Do you really want to know what proportion _have_ both A and B?
Wouldn't it be equally informative to know instead what proportion
_lack_ both A and B; or, equivalently, what proportion have at least
one of A or B? Unless one of those it options is clearly better than
the other, I would suggest averaging the two approaches, which leads
to simply pAi+pBi as the combination measure. This would be equivalent
to giving each house a "feature count" score, and then using the
average feature count at each level in the PCA. It can also be easily
extended to situations where there are more than two features, and
(imho) is more in the "linear combination" spirit of PCA than the
proportion having or lacking all the features in the set would be.
That's closer to the spirit of my own post on the 14th -- coming
up with a score.
I suggested a couple of other versions of score, which may be
interesting since there are unequal proportions.
[snip, rest]
--
Rich Ulrich
Thanks again Rich and Ray,
When you say pAi + pBi is equivalent to a 'feature count score' I'm
not exactly following. I had some similar trouble understanding the
scoring system that Rich suggested. Could one or both of you try to
explain that to me again? If I understand it, then I would be able
to add the percentage of houses that contain A to the percentage of
houses that contain B at each level and use that as the new variable.
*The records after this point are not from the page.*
definition grad_G0_pattern :: "real \<Rightarrow> real^3 \<Rightarrow> 3 \<Rightarrow> real^3 \<Rightarrow> complex" where
  "grad_G0_pattern k a m y = (- \<i> * complex_of_real k * complex_of_real (y$m)) * G0_pattern k a y"

lemma continuous_on_grad_G0_pattern [continuous_intros]: "continuous_on S (grad_G0_pattern k a m)"
  unfolding grad_G0_pattern_def by (intro continuous_intros)

lemma grad_G0_factor_far_estimate:
  fixes a y :: "real^3"
  assumes y: "norm y = 1" and L: "2 * norm a + 1 \<le> L"
  defines "d \<equiv> dist (L *\<^sub>R y) a"
  shows "norm ((\<i> * complex_of_real k - 1 / complex_of_real d) * complex_of_real ((a - L *\<^sub>R y)$m / d)
           - - \<i> * complex_of_real k * complex_of_real (y$m)) \<le> (4 * \<bar>k\<bar> * norm a + 2) / L"
proof -
  have Lpos: "L > 0" using L norm_ge_zero[of a] by linarith
  note est = dist_far_estimates[OF y L, folded dist_norm, folded d_def]
  have dpos: "d > 0" using est(2) Lpos by linarith
  define q where "q = (a - L *\<^sub>R y)$m / d"
  have ym: "\<bar>y$m\<bar> \<le> 1" using component_le_norm_cart[of y m] y by simp
  have q1: "\<bar>q\<bar> \<le> 1"
  proof -
    have "\<bar>(a - L *\<^sub>R y)$m\<bar> \<le> d"
      unfolding d_def dist_norm using component_le_norm_cart[of "a - L *\<^sub>R y" m]
      by (simp add: norm_minus_commute)
    then show ?thesis unfolding q_def using dpos by (simp add: abs_div)
  qed
  have q2: "\<bar>q + y$m\<bar> \<le> 4 * norm a / L"
  proof -
    have "\<bar>(d - L) * y$m\<bar> \<le> norm a"
      using est(1) ym by (simp add: abs_mult) (metis abs_minus_commute mult_left_le abs_ge_zero order_trans)
    then have "\<bar>a$m + (d - L) * y$m\<bar> \<le> 2 * norm a"
      using component_le_norm_cart[of a m] by linarith
    moreover have "q + y$m = (a$m + (d - L) * y$m) / d" unfolding q_def using dpos by (simp add: field_simps)
    ultimately have "\<bar>q + y$m\<bar> \<le> 2 * norm a / d" using dpos by (simp add: abs_div divide_right_mono)
    also have "\<dots> \<le> 2 * norm a / (L / 2)" using est(2) Lpos by (intro divide_left_mono) auto
    finally show ?thesis by simp
  qed
  have "norm (complex_of_real (q / d)) \<le> 2 / L"
  proof -
    have "\<bar>q / d\<bar> \<le> 1 / d" using q1 dpos by (simp add: abs_div divide_right_mono)
    also have "\<dots> \<le> 1 / (L / 2)" using est(2) Lpos by (intro divide_left_mono) auto
    finally show ?thesis unfolding norm_of_real by simp
  qed
  moreover have "norm (\<i> * complex_of_real k * complex_of_real (q + y$m)) \<le> \<bar>k\<bar> * (4 * norm a / L)"
    unfolding norm_mult norm_of_real using q2 by (simp add: mult_left_mono del: times_divide_eq_right)
  moreover have "(\<i> * complex_of_real k - 1 / complex_of_real d) * complex_of_real q - - \<i> * complex_of_real k * complex_of_real (y$m)
      = \<i> * complex_of_real k * complex_of_real (q + y$m) - complex_of_real (q / d)"
    by (simp add: field_simps)
  ultimately have "norm ((\<i> * complex_of_real k - 1 / complex_of_real d) * complex_of_real q
      - - \<i> * complex_of_real k * complex_of_real (y$m)) \<le> \<bar>k\<bar> * (4 * norm a / L) + 2 / L"
    by (metis (no_types, lifting) add_mono norm_triangle_ineq4 order_trans)
  also have "\<dots> = (4 * \<bar>k\<bar> * norm a + 2) / L" using Lpos by (simp add: field_simps)
  finally show ?thesis unfolding q_def .
qed

text \<open>Away from \<open>a\<close>, \<open>\<nabla>\<^sub>z G0(y, z)|\<^sub>z\<^sub>=\<^sub>a\<close> is \<open>G0(a, y)\<close> times a factor tending to \<open>-i k y/|y|\<close>.\<close>

lemma has_far_field_grad_G0:
  "has_far_field (\<omega> / c0) (\<lambda>y. grad (G0 c0 \<omega> y) a $ m) (grad_G0_pattern (\<omega> / c0) a m)"
proof -
  define k where "k = \<omega> / c0"
  define f where "f y = (\<i> * complex_of_real k - 1 / complex_of_real (dist y a)) * complex_of_real ((a - y)$m / dist y a)" for y
  define R where "R = 2 * norm a + 1"
  have far: "dist y a \<noteq> 0" if "R \<le> norm y" for y
    using far_point_neq[of a y] that unfolding R_def by simp
  have "has_far_field k (\<lambda>y. f y * G0 c0 \<omega> a y) (grad_G0_pattern k a m)"
    unfolding grad_G0_pattern_def
  proof (rule has_far_field_mult[where Lf=R and Cf="4 * \<bar>k\<bar> * norm a + 2" and Bf="\<bar>k\<bar>"])
    show "has_far_field k (G0 c0 \<omega> a) (G0_pattern k a)"
      unfolding k_def by (rule has_far_field_G0)
    show "continuous_on {y. R \<le> norm y} f"
      unfolding f_def using far by (intro continuous_intros) auto
    show "norm (- \<i> * complex_of_real k * complex_of_real (y $ m)) \<le> \<bar>k\<bar>" if "norm y = 1" for y
      using component_le_norm_cart[of y m] that by (simp add: norm_mult mult_left_le)
    show "norm (f (L *\<^sub>R y) - - \<i> * complex_of_real k * complex_of_real (y $ m)) \<le> (4 * \<bar>k\<bar> * norm a + 2) / L"
      if "R \<le> L" "norm y = 1" for L y
      unfolding f_def using grad_G0_factor_far_estimate[of y a L k m] that unfolding R_def by simp
  qed (auto simp: R_def intro!: continuous_intros add_nonneg_pos)
  then show ?thesis
    unfolding k_def
  proof (rule has_far_field_cong[where Lc=R])
    fix y :: "real^3" assume y: "R \<le> norm y"
    have "y \<noteq> a" using far[OF y] by auto
    then show "grad (G0 c0 \<omega> y) a $ m = f y * G0 c0 \<omega> a y"
      unfolding grad_G0_nth[OF \<open>y \<noteq> a\<close>] f_def G0_def dist_commute[of a y] k_def[symmetric]
        dG0_radial_eq[OF far[OF y]]
      by (simp add: field_simps)
  qed
qed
My confusion is coming from the issue of having then greater than 100%
of houses with both features - I guess I'm asking: why is it valid to
add percentages?
Well, in the sense that you merely want an indicator variable
with a continuous scale, adding percentages gives you one.
If you want a meaningful number, you may (say) assume
independence, and estimate the "percentage with both"
or "percentage with neither", or whatever cell you deem
interesting -- so that it will be easiest to talk about.
I originally thought that you had the flexibility of scoring
each house, and that led me astray.
--
Rich Ulrich
Oh I see... okay so it says nothing meaningful in and of itself,
But it is meaningful! Don't think of pA and pB as proportions or
percents, but as means of the "real" variables, A and B, which are
indicators. Each house has a score on each variable: 1 = present,
0 = absent. With this coding, the mean of each variable happens to
also be a proportion, but it's primarily a mean.
Then make a new variable, T=A+B. Each house has score, 0/1/2,
which equals the number of features it has. The mean of T is the
sum of the means of A and B, or pA+pB, and is between 0 and 2.
There is nothing new in what I'm saying. "Symptom counting" is a
standard technique in my field (psychology). What, if anything,
makes this case different is that there are only two features.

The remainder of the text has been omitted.